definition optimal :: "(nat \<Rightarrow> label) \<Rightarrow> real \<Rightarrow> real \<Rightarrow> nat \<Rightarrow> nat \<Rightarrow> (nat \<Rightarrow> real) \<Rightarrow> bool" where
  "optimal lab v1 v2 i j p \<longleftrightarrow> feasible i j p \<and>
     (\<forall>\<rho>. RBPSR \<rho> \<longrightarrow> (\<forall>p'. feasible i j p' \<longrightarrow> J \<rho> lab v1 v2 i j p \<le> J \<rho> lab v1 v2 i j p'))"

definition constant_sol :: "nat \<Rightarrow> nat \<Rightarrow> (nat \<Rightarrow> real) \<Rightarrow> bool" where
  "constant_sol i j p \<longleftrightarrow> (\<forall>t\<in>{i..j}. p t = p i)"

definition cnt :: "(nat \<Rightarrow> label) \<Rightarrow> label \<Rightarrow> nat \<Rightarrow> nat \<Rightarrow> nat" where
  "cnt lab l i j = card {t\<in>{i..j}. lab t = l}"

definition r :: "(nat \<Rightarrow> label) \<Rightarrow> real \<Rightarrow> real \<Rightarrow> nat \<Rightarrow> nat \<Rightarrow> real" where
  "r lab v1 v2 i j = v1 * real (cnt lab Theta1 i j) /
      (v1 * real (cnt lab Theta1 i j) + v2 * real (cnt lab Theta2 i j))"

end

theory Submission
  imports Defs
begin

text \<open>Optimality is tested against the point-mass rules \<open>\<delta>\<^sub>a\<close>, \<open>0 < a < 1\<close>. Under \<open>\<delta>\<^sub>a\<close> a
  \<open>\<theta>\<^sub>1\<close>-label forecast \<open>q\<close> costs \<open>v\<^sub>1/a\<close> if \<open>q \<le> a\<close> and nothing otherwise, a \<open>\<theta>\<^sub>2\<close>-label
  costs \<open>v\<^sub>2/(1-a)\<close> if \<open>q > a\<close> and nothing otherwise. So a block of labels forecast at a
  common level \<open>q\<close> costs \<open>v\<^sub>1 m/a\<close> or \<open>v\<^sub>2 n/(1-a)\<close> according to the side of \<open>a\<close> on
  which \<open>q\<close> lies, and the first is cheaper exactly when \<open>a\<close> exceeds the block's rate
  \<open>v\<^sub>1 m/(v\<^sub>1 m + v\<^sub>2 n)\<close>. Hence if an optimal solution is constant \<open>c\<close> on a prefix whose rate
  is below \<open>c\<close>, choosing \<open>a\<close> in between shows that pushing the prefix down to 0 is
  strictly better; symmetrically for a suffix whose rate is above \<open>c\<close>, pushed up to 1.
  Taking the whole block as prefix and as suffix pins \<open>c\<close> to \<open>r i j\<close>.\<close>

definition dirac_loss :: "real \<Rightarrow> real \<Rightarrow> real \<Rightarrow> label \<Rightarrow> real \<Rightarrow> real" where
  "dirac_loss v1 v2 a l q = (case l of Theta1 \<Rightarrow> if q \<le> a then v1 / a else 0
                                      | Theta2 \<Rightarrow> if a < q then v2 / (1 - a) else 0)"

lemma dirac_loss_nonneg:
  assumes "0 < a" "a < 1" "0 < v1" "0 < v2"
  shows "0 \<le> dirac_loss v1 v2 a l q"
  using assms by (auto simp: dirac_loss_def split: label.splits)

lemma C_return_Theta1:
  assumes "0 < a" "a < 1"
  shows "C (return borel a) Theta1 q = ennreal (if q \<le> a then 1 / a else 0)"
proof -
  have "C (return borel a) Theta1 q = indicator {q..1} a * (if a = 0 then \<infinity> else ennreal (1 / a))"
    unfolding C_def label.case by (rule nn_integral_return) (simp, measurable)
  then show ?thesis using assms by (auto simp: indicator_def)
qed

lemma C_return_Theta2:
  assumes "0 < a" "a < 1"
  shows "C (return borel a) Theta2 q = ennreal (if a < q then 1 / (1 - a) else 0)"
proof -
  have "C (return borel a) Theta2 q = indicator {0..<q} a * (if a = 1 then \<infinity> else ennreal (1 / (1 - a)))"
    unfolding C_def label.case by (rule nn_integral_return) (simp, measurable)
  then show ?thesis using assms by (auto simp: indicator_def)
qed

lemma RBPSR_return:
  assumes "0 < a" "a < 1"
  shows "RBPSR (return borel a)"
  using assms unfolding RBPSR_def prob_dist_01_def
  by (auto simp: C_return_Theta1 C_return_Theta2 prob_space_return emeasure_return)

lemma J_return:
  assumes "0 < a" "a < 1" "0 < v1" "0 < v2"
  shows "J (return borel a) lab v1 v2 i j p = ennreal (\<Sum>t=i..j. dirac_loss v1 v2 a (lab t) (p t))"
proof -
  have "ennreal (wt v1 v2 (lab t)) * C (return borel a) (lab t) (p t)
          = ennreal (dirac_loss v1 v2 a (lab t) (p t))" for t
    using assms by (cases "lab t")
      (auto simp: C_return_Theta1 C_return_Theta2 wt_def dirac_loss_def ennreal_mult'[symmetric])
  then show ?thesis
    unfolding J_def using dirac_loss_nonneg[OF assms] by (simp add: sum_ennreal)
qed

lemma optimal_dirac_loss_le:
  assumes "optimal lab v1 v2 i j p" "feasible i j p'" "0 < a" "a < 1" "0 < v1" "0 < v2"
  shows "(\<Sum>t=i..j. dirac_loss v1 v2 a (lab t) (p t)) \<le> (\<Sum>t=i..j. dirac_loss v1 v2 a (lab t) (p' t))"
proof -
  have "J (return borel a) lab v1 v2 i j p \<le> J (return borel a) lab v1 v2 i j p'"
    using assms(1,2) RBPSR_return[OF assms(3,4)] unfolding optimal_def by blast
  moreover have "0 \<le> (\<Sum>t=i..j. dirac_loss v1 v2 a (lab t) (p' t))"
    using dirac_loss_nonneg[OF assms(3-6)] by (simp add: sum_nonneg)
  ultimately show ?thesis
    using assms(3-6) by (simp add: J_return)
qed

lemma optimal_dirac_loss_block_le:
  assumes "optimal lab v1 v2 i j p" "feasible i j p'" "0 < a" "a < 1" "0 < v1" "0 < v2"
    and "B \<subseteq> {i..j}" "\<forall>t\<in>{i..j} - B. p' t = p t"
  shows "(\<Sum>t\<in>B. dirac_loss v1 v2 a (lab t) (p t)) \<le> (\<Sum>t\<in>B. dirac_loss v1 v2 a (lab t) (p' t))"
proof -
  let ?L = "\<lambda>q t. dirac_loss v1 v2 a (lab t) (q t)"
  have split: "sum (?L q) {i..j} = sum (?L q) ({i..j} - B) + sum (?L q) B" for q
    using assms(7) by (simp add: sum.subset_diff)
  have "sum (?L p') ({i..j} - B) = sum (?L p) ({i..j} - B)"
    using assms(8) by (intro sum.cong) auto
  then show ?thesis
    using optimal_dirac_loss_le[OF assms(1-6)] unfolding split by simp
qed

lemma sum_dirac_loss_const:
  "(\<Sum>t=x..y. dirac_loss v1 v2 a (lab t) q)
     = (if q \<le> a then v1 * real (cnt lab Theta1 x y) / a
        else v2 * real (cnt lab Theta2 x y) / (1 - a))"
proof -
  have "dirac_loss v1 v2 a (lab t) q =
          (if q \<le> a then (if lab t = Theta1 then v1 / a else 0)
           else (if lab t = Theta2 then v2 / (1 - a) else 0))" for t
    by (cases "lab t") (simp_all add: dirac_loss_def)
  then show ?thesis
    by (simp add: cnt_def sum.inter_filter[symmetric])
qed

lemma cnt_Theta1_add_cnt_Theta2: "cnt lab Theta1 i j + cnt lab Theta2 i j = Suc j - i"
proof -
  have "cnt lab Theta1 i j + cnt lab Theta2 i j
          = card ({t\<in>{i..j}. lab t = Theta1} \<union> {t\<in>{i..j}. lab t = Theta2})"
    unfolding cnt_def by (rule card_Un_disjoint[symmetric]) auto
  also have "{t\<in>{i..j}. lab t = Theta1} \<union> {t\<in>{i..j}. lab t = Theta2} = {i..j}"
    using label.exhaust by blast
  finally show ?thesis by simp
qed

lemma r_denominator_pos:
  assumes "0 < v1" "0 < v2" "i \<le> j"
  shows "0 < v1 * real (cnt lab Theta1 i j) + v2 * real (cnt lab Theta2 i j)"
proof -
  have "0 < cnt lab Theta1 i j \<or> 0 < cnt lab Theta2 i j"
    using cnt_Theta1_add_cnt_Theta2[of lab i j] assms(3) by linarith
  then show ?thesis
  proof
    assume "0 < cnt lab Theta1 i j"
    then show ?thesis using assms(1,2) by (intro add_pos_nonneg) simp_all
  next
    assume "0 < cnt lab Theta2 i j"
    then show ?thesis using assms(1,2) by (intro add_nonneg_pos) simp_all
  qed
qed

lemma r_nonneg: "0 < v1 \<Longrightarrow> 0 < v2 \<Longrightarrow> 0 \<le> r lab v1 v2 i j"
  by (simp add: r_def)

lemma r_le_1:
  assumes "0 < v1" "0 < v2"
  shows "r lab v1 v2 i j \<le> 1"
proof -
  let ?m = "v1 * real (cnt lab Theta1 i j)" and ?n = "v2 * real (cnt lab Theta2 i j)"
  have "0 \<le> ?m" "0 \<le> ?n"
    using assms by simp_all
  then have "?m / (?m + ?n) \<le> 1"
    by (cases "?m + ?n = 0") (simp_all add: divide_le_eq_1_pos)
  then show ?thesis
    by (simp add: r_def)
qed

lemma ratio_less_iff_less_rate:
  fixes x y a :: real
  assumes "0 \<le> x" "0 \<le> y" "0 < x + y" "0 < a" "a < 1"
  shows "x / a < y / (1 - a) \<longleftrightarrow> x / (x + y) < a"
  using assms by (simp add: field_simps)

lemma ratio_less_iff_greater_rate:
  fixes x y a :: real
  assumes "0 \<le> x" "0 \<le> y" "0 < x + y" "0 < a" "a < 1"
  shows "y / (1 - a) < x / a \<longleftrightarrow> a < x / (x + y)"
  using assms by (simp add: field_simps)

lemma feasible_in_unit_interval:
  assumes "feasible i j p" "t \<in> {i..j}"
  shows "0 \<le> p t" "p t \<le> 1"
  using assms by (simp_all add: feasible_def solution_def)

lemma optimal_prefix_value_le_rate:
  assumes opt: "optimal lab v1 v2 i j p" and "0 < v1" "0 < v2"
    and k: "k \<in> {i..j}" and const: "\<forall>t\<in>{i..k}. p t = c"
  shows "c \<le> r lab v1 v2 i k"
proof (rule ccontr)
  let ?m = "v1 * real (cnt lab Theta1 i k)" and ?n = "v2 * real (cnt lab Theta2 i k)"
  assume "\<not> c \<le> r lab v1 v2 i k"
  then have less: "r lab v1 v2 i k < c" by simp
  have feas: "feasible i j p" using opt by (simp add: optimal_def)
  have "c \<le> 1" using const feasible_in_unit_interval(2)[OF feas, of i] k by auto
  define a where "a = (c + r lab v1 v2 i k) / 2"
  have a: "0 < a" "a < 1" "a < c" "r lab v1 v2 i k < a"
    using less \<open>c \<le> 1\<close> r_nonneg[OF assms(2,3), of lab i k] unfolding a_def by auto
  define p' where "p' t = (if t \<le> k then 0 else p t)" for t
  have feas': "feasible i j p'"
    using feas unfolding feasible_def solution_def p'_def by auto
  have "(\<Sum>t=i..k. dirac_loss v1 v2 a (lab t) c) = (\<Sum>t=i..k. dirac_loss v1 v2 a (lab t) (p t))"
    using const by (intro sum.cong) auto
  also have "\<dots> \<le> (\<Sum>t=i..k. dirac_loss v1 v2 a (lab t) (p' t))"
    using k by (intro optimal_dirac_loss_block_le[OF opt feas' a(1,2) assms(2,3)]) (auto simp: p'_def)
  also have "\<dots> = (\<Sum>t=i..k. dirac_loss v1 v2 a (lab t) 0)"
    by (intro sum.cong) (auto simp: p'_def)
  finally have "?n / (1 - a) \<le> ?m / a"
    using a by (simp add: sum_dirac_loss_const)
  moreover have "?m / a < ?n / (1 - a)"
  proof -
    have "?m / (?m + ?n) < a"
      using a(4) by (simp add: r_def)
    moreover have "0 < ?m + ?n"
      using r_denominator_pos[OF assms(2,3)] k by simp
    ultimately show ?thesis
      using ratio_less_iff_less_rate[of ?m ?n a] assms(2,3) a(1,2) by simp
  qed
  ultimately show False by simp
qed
☆ ☆ ☆ ☆
▸ **ACTIVITY**: Could you please retype the lines from the start of the data through the line with "i j p \<and>", both included, and nothing else?

▸ **OUTPUT**:
definition optimal :: "(nat \<Rightarrow> label) \<Rightarrow> real \<Rightarrow> real \<Rightarrow> nat \<Rightarrow> nat \<Rightarrow> (nat \<Rightarrow> real) \<Rightarrow> bool" where
  "optimal lab v1 v2 i j p \<longleftrightarrow> feasible i j p \<and>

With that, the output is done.